As the anode material, a material having a large work function is preferably used so as to smoothly inject holes into the organic material layer. Specific examples of the cathode material that can be used in the present invention include metals such as vanadium, chromium, copper, zinc and gold or alloys thereof, zinc oxide, indium oxide, indium tin oxide (ITO), indium zinc oxide (IZO) metal oxides, ZnO: Al or SnO _2: a combination of a metal and an oxide such as Sb, poly (3-methylthiophene), poly [3,4- (ethylene-1,2-dioxy) thiophene] (PEDT) , Conductive polymers such as polypyrrole and polyaniline, but are not limited thereto.

The negative electrode material is preferably a material having a small work function to facilitate electron injection into the organic material layer. Specific examples of the negative electrode material include a metal such as magnesium, calcium, sodium, potassium, titanium, indium, yttrium, lithium, gadolinium, aluminum, silver, tin and lead or an alloy thereof; a multilayer such as LiF / Al or LiO ₂ / Structural materials, and the like, but are not limited thereto.

As the hole injecting material, it is preferable that the highest occupied molecular orbital (HOMO) of the hole injecting material be between the work function of the anode material and the HOMO of the surrounding organic layer. Specific examples of the hole injecting material include metal porphyrine, oligothiophene, arylamine-based organic materials, hexanitrile hexaazatriphenylene, quinacridone-based organic materials, perylene-based organic materials, Anthraquinone, polyaniline and a polythiophene-based conductive polymer, but are not limited thereto.

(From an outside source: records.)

(* Let $\theta$ be a parameter vector and let $u_\theta(x,y)$ and $s_\theta(x,y)$ be real-valued functions of $\theta$ (differentiable in $\theta$) for each prompt $x$ and response $y$. For a fixed triple $(x,y_w,y_l)$ put $\Delta u_\theta = u_\theta(x,y_w)-u_\theta(x,y_l)$, $\mu=\sigma(\Delta u_\theta)$ where $\sigma(t)=1/(1+e^{-t})$, and let $\tau=\tau(\theta)\in(0,\infty)$ be the concentration, namely $\tau=\mathrm{Softplus}(s_\theta(x,y_w))+\mathrm{Softplus}(s_\theta(x,y_l))+1$ with $\mathrm{Softplus}(t)=\log(1+e^t)$. Let $\alpha_0,\beta_0>0$ and $\lambda>0$ be fixed constants (independent of $\theta$), set $\alpha=\mu\tau$, $\beta=(1-\mu)\tau$, and define $$\mathcal{L}_{\mathrm{ICRM}} = -\bigl(\psi(\mu\tau)-\psi(\tau)\bigr) + \lambda\, \mathbb{D}_{\mathrm{KL}}\bigl(\mathrm{Beta}(\alpha,\beta)\,\|\,\mathrm{Beta}(\alpha_0,\beta_0)\bigr).$$ Let $\varepsilon := 1-\mu$. Then, for finite $\tau\in(0,\infty)$ held fixed, as $\varepsilon\to 0^+$, $$\nabla_\theta \mathcal{L}_{\mathrm{ICRM}} = c_u\,\nabla_\theta \Delta u_\theta + c_\tau\,\nabla_\theta \tau,\qquad c_u = \frac{\lambda\beta_0}{\varepsilon\tau}+O(1),\quad c_\tau = -\frac{\lambda\beta_0}{\varepsilon\tau^2}+O(1),$$ i.e. the utility coefficient behaves to leading order like $\lambda\beta_0/(\varepsilon\tau)$ and the confidence coefficient like $-\lambda\beta_0/(\varepsilon\tau^2)$.
   Context: $\psi(x)=\frac{d}{dx}\log\Gamma(x)$ is the digamma function. $\mathrm{Beta}(a,b)$ denotes the Beta distribution on $[0,1]$ with parameters $a,b>0$, and $\mathbb{D}_{\mathrm{KL}}(q\|p)$ is the Kullback–Leibler divergence, which for Betas has the closed form $\mathbb{D}_{\mathrm{KL}}(\mathrm{Beta}(\alpha,\beta)\|\mathrm{Beta}(\alpha_0,\beta_0)) = \log\frac{\Gamma(\alpha+\beta)}{\Gamma(\alpha)\Gamma(\beta)}-\log\frac{\Gamma(\alpha_0+\beta_0)}{\Gamma(\alpha_0)\Gamma(\beta_0)}+(\alpha-\alpha_0)[\psi(\alpha)-\psi(\alpha+\beta)]+(\beta-\beta_0)[\psi(\beta)-\psi(\alpha+\beta)]$. The gradient $\nabla_\theta\mathcal{L}_{\mathrm{ICRM}}$ is computed by the chain rule through $\mu=\sigma(\Delta u_\theta)$ and $\tau$, i.e. $\nabla_\theta\mathcal{L}=\frac{\partial\mathcal{L}}{\partial\mu}\mu(1-\mu)\nabla_\theta\Delta u_\theta+\frac{\partial\mathcal{L}}{\partial\tau}\nabla_\theta\tau$. *)

theory Defs
  imports "HOL-Analysis.Analysis" "HOL-Library.Landau_Symbols"
begin

definition sigmoid :: "real \<Rightarrow> real" where
  "sigmoid t = 1 / (1 + exp (- t))"

definition softplus :: "real \<Rightarrow> real" where
  "softplus t = ln (1 + exp t)"

definition beta_KL :: "real \<Rightarrow> real \<Rightarrow> real \<Rightarrow> real \<Rightarrow> real" where
  "beta_KL a b a0 b0 =
     ln (Gamma (a + b) / (Gamma a * Gamma b))
   - ln (Gamma (a0 + b0) / (Gamma a0 * Gamma b0))
   + (a - a0) * (Digamma a - Digamma (a + b))
   + (b - b0) * (Digamma b - Digamma (a + b))"

definition icrm_loss :: "real \<Rightarrow> real \<Rightarrow> real \<Rightarrow> real \<Rightarrow> real \<Rightarrow> real" where
  "icrm_loss lam a0 b0 mu tau =
     - (Digamma (mu * tau) - Digamma tau) + lam * beta_KL (mu * tau) ((1 - mu) * tau) a0 b0"
(* Let $\mathfrak g$ be a pre-Lie algebra, $r\in\mathrm{Sym}^2(\mathfrak g)$ an $\mathfrak s$-matrix, and $\kappa\in\mathrm{Sym}^2(\mathfrak g)$ such that $r+t\kappa$ is an $\mathfrak s$-matrix for all $t\in\mathbb K$. Define $\pi:\mathfrak g^*\otimes\mathfrak g^*\to\mathfrak g^*$ by $\pi(\alpha,\beta)=\mathrm{ad}^*_{\kappa^\sharp(\alpha)}\beta-R^*_{\kappa^\sharp(\beta)}\alpha$. Then $\pi$ generates a one-parameter infinitesimal deformation of the phase space $(\mathfrak g^c,\mathfrak g^{*c},\omega_p)$ associated to $r$ (where $\mathfrak g^*$ carries the pre-Lie product $\cdot_r$): for every $t\in\mathbb K$, $\alpha\ast_t\beta=\alpha\cdot_r\beta+t\pi(\alpha,\beta)$ is a pre-Lie product on $\mathfrak g^*$ and $(\mathfrak g^c,(\mathfrak g^*,\ast_t)^c,\omega_p)$ is a phase space of $\mathfrak g^c$.
   Context: A pre-Lie algebra is a finite-dimensional vector space over a field $\mathbb K$ of characteristic $0$ with product $\cdot$ satisfying $(x\cdot y)\cdot z-x\cdot(y\cdot z)=(y\cdot x)\cdot z-y\cdot(x\cdot z)$; its sub-adjacent Lie bracket is the commutator, written $[x,y]_{\mathfrak g}$ on $\mathfrak g$, and $\mathfrak g^c$ denotes this Lie algebra. Define $\langle L^*_x\alpha,y\rangle=-\langle\alpha,x\cdot y\rangle$, $\langle R^*_x\alpha,y\rangle=-\langle\alpha,y\cdot x\rangle$, $\mathrm{ad}^*_x=L^*_x-R^*_x$. For $r\in\mathrm{Sym}^2(\mathfrak g)$, $\langle r^\sharp(\alpha),\beta\rangle=r(\alpha,\beta)$; for $r=\sum_ia_i\otimes b_i$, $[r,r]=-\sum a_i\cdot a_j\otimes b_i\otimes b_j+\sum a_i\otimes b_i\cdot a_j\otimes b_j+\sum a_i\otimes a_j\otimes[b_i,b_j]_{\mathfrak g}$; $r$ is an $\mathfrak s$-matrix if $[r,r]=0$. Set $\alpha\cdot_r\beta=\mathrm{ad}^*_{r^\sharp(\alpha)}\beta-R^*_{r^\sharp(\beta)}\alpha$ (a pre-Lie product on $\mathfrak g^*$ when $r$ is an $\mathfrak s$-matrix). Given a pre-Lie product $\ast$ on $\mathfrak g^*$, with commutator $[\alpha,\beta]_\ast=\alpha\ast\beta-\beta\ast\alpha$ and $L^*_\alpha:\mathfrak g\to\mathfrak g$ defined by $\langle L^*_\alpha x,\beta\rangle=-\langle x,\alpha\ast\beta\rangle$, we say $(\mathfrak g^c,(\mathfrak g^*,\ast)^c,\omega_p)$ is a phase space of $\mathfrak g^c$ if the bracket $[x+\alpha,y+\beta]_p=[\alpha,\beta]_\ast+L^*_x\beta-L^*_y\alpha+L^*_\alpha y-L^*_\beta x+[x,y]_{\mathfrak g}$ is a Lie bracket on $\mathfrak g\oplus\mathfrak g^*$ for which $\omega_p(x+\alpha,y+\beta)=\langle\alpha,y\rangle-\langle x,\beta\rangle$ is a $2$-cocycle, i.e. $\omega_p([u,v]_p,w)+\omega_p([v,w]_p,u)+\omega_p([w,u]_p,v)=0$. *)

theory Defs
  imports "HOL-Analysis.Finite_Cartesian_Product"
begin

text \<open>Coordinates: g = K^n with K a field of characteristic 0 and 'n a finite index type;
  g* is identified with K^n through the (nondegenerate) pairing below.\<close>

definition sc :: "'a::times \<Rightarrow> 'a ^ 'n \<Rightarrow> 'a ^ 'n" where
  "sc c v = (\<chi> k. c * v $ k)"

definition ee :: "'n \<Rightarrow> 'a::{zero,one} ^ 'n" where
  "ee i = (\<chi> k. if k = i then 1 else 0)"

definition pair :: "'a::field ^ 'n::finite \<Rightarrow> 'a ^ 'n \<Rightarrow> 'a" where
  "pair \<alpha> x = (\<Sum>i\<in>UNIV. \<alpha> $ i * x $ i)"

definition bilinear_map :: "('a::field ^ 'n \<Rightarrow> 'a ^ 'n \<Rightarrow> 'a ^ 'n) \<Rightarrow> bool" where
  "bilinear_map m \<longleftrightarrow>
     (\<forall>x y z. m (x + y) z = m x z + m y z) \<and> (\<forall>c x z. m (sc c x) z = sc c (m x z)) \<and>
     (\<forall>x y z. m z (x + y) = m z x + m z y) \<and> (\<forall>c x z. m z (sc c x) = sc c (m z x))"

definition is_pre_Lie :: "('a::field ^ 'n \<Rightarrow> 'a ^ 'n \<Rightarrow> 'a ^ 'n) \<Rightarrow> bool" where
  "is_pre_Lie m \<longleftrightarrow> bilinear_map m \<and>
     (\<forall>x y z. m (m x y) z - m x (m y z) = m (m y x) z - m y (m x z))"

definition commut :: "('a::field ^ 'n \<Rightarrow> 'a ^ 'n \<Rightarrow> 'a ^ 'n) \<Rightarrow> 'a ^ 'n \<Rightarrow> 'a ^ 'n \<Rightarrow> 'a ^ 'n" where
  "commut m x y = m x y - m y x"

text \<open>Dual actions on g*: <L*_x a, y> = - <a, x.y>, <R*_x a, y> = - <a, y.x>.\<close>
definition Ldual :: "('a::field ^ 'n::finite \<Rightarrow> 'a ^ 'n \<Rightarrow> 'a ^ 'n) \<Rightarrow> 'a ^ 'n \<Rightarrow> 'a ^ 'n \<Rightarrow> 'a ^ 'n" where
  "Ldual m x \<alpha> = (\<chi> j. - pair \<alpha> (m x (ee j)))"

definition Rdual :: "('a::field ^ 'n::finite \<Rightarrow> 'a ^ 'n \<Rightarrow> 'a ^ 'n) \<Rightarrow> 'a ^ 'n \<Rightarrow> 'a ^ 'n \<Rightarrow> 'a ^ 'n" where
  "Rdual m x \<alpha> = (\<chi> j. - pair \<alpha> (m (ee j) x))"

As the hole transporting material, a material capable of transporting holes from the anode or the hole injection layer to the light emitting layer and having high mobility to holes is suitable. Specific examples include arylamine-based organic materials, conductive polymers, and block copolymers having a conjugated portion and a non-conjugated portion together, but are not limited thereto.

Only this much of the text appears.